Perceiver IO Statistics [User Trends In 2026]

January 15, 2026

By

About Chromeboooks

DeepMind’s Perceiver IO achieved state-of-the-art optical flow results with an average end-point error of 2.42 on Sintel.final benchmarks while processing inputs linearly rather than quadratically like standard transformers. The architecture contains 201 million parameters and handles up to 2,048 bytes of input through 26 processing layers. With 81.8 on the GLUE benchmark using raw byte inputs, Perceiver IO matches BERT performance without tokenization preprocessing.

Perceiver IO Key Statistics

Perceiver IO contains 201 million parameters with 256 to 512 latent variables processing information through 26 layers as of 2024.
The model scored 81.8 on the GLUE benchmark with byte-level inputs, surpassing BERT Base’s 81.1 score without requiring tokenization.
Perceiver IO achieved state-of-the-art optical flow accuracy with 1.81 average end-point error on Sintel.clean and 2.42 on Sintel.final.
Hugging Face hosts 36 Perceiver models including 7 official DeepMind checkpoints with over 2,520 language model downloads and 1,740 vision model downloads.
The architecture scales linearly with input and output sizes compared to quadratic scaling in standard transformers, enabling processing of 50,000+ pixel inputs efficiently.

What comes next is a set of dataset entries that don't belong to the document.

(* Let $0<\underline\beta<\bar\beta$ and let $\alpha,\xi>0$, $\varphi$, $\omega$ and the sets $\mathcal{J}(\beta,D)$ be as in the context. Let $\mathcal{P}'$ be a parameter set such that $\mathcal{J}(\beta,D)\subset\mathcal{H}(\beta,\mathcal{P}')$ for every $\beta\in[\underline\beta,\bar\beta]$ and every positive even integer $D$. Suppose one observes i.i.d. random variables $X_1,\dots,X_n$ with common density $s$ on $\mathbb{R}$. Then for every $\beta\in[\underline\beta,\bar\beta]$ there exists a constant $\kappa_\beta>0$ such that for all $n\ge1$, $$\inf_{\tilde s}\ \sup_{s\in\mathcal{H}(\beta,\mathcal{P}')}\mathbb{E}_s\big[d_H^2(s,\tilde s)\big]\ \ge\ \kappa_\beta\, n^{-\frac{2\beta}{2\beta+1}},$$ where the infimum is over all estimators $\tilde s$ (measurable functions of $X_1,\dots,X_n$).
   Context: $\psi(x)=\pi^{-1/2}e^{-x^2}$, $\psi_\sigma(x)=\sigma^{-1}\psi(x/\sigma)$. Hellinger distance: $d_H(g,h)=\frac{1}{\sqrt2}\|\sqrt g-\sqrt h\|_{L^2}$. For $\beta>0$, $r$ is the largest integer strictly less than $\beta$. A parameter set $\mathcal{P}=\{\gamma,l^+,L,\varepsilon,C,\alpha,\xi,M\}$ consists of a polynomial $L$ and constants $\gamma,l^+,\varepsilon,C,\alpha,\xi,M$; $\mathcal{H}(\beta,\mathcal{P})$ is the set of probability densities $f$ on $\mathbb{R}$ with: $\ln f$ $r$ times differentiable, $|(\ln f)^{(r)}(x)-(\ln f)^{(r)}(y)|\le r!L(x)|y-x|^{\beta-r}$ whenever $|x-y|\le\gamma$, $|(\ln f)^{(j)}(0)|\le l^+$ for $j=0,\dots,r$; $\int|(\ln f)^{(j)}|^{(2\beta+\varepsilon)/j}f\le C$ ($j=1,\dots,r$) and $\int|L|^{2+\varepsilon/\beta}f\le C$; $f\le M\psi$; $f>0$, $f$ nondecreasing on $(-\infty,-\alpha)$, nonincreasing on $(\alpha,\infty)$, $f\ge\xi$ on $[-\alpha,\alpha]$. Construction: $\varphi:\mathbb{R}\to\mathbb{R}$ is infinitely differentiable with compact support in $(1/4,3/4)$, $\int\varphi=0$, $\int\varphi^2=1$; $A=\max_{0\le k\le r+1}\|\varphi^{(k)}\|_\infty$, assumed $>1$. For a positive even integer $D$ and $j\in\{1,\dots,D\}$, $\varphi_j(x)=\frac{\xi D^{-\beta}}{A}\varphi\big(\frac{D}{\alpha}(x+\frac\alpha2)-(j-1)\big)$. $\mathcal{T}(\alpha,\xi)$ is the set of functions $\omega:\mathbb{R}\to\mathbb{R}^+$ nondecreasing on $(-\infty,-\alpha/2)$, nonincreasing on $(\alpha/2,\infty)$, with $\omega=2\xi$ on $[-3\alpha/4,3\alpha/4]$ and $\omega(-\alpha)=\omega(\alpha)=\xi$. Fix $\omega\in\mathcal{T}(\alpha,\xi)\cap\mathcal{H}(\beta,\tilde{\mathcal P})$ for every $\beta\in[\underline\beta,\bar\beta]$, where $\tilde{\mathcal P}=\{\alpha/4,\ln(2\xi),\tilde L,\tilde\varepsilon,\tilde C,\alpha,\xi,\tilde M\}$. For $\theta\in\{0,1\}^D$, $f_\theta(x)=\omega(x)+\sum_{j=1}^D(2\theta_j-1)\varphi_j(x)$, and $\mathcal{J}(\beta,D)=\{f_\theta:\theta\in\{0,1\}^D\}$. *)

theory Defs
  imports "HOL-Probability.Probability" "HOL-Computational_Algebra.Polynomial"
begin

definition psi :: "real \<Rightarrow> real" where
  "psi x = exp (- (x\<^sup>2)) / sqrt pi"

definition hellinger_sq :: "(real \<Rightarrow> real) \<Rightarrow> (real \<Rightarrow> real) \<Rightarrow> ennreal" where
  "hellinger_sq g h = (\<integral>\<^sup>+ x. ennreal ((sqrt (g x) - sqrt (h x))\<^sup>2 / 2) \<partial>lborel)"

Perceiver IO Architecture and Parameters

The model employs a latent bottleneck design that decouples computational requirements from data dimensionality. Cross-attention mechanisms enable linear scaling with input and output sizes.

Architecture Component	Specification
Total Parameters	201 million
Latent Variables	256 to 512
Processing Layers	26 layers
Vocabulary Size	262 tokens (byte-level)
Maximum Input Sequence	2,048 bytes
Input Processing Capability	50,000+ pixels

The 26 processing layers represent more than double BERT Base’s 12 layers. The reduced latent size of 256 keeps computation tractable while maintaining performance across multiple domains.

Perceiver IO Language Understanding Performance

Natural language understanding capabilities demonstrate competitive performance on the General Language Understanding Evaluation benchmark. The model eliminates traditional tokenization requirements while maintaining accuracy.

Configuration	GLUE Score	Input Type
Perceiver IO (High FLOPs)	81.8	UTF-8 Bytes
Perceiver IO (SentencePiece)	81.2	Tokenized
BERT Base	81.1	Tokenized

The benchmark results show Perceiver IO matches BERT performance while processing raw byte inputs. This eliminates engineering overhead and vocabulary maintenance requirements.

Perceiver IO Image Classification Results

Visual understanding capabilities process images without relying on specialized 2D convolutional architectures. The model learns spatial relationships from data alone.

Variant	ImageNet Top-1 Accuracy	Preprocessing Method
Conv+MaxPool Preprocessing	84.5%	2D Convolution
2D Fourier Features	79.0%	Fourier Encoding
Learned 1D Position	72.7%	No 2D Information

The learned 1D position variant achieves 72.7% accuracy despite receiving no information about 2D image structure. The conv+maxpool variant reaches 84.5% after large-scale pretraining on JFT.

Perceiver IO Optical Flow Benchmarks

Optical flow estimation presents a computer vision challenge where the model achieved state-of-the-art results. The architecture predicts 2D displacement for each pixel between consecutive video frames.

Benchmark Dataset	Average End-Point Error	Performance Ranking
Sintel.clean	1.81	State-of-the-Art
Sintel.final	2.42	Best Overall
KITTI	4.98	Competitive

The model achieved state-of-the-art results on Sintel.final without cost volumes or explicit warping mechanisms. Training occurred on AutoFlow, a synthetic dataset with 400,000 annotated image pairs.

Perceiver IO Computational Efficiency

Computational complexity metrics differentiate the architecture from standard transformers. Linear scaling with sequence length enables processing of longer inputs efficiently.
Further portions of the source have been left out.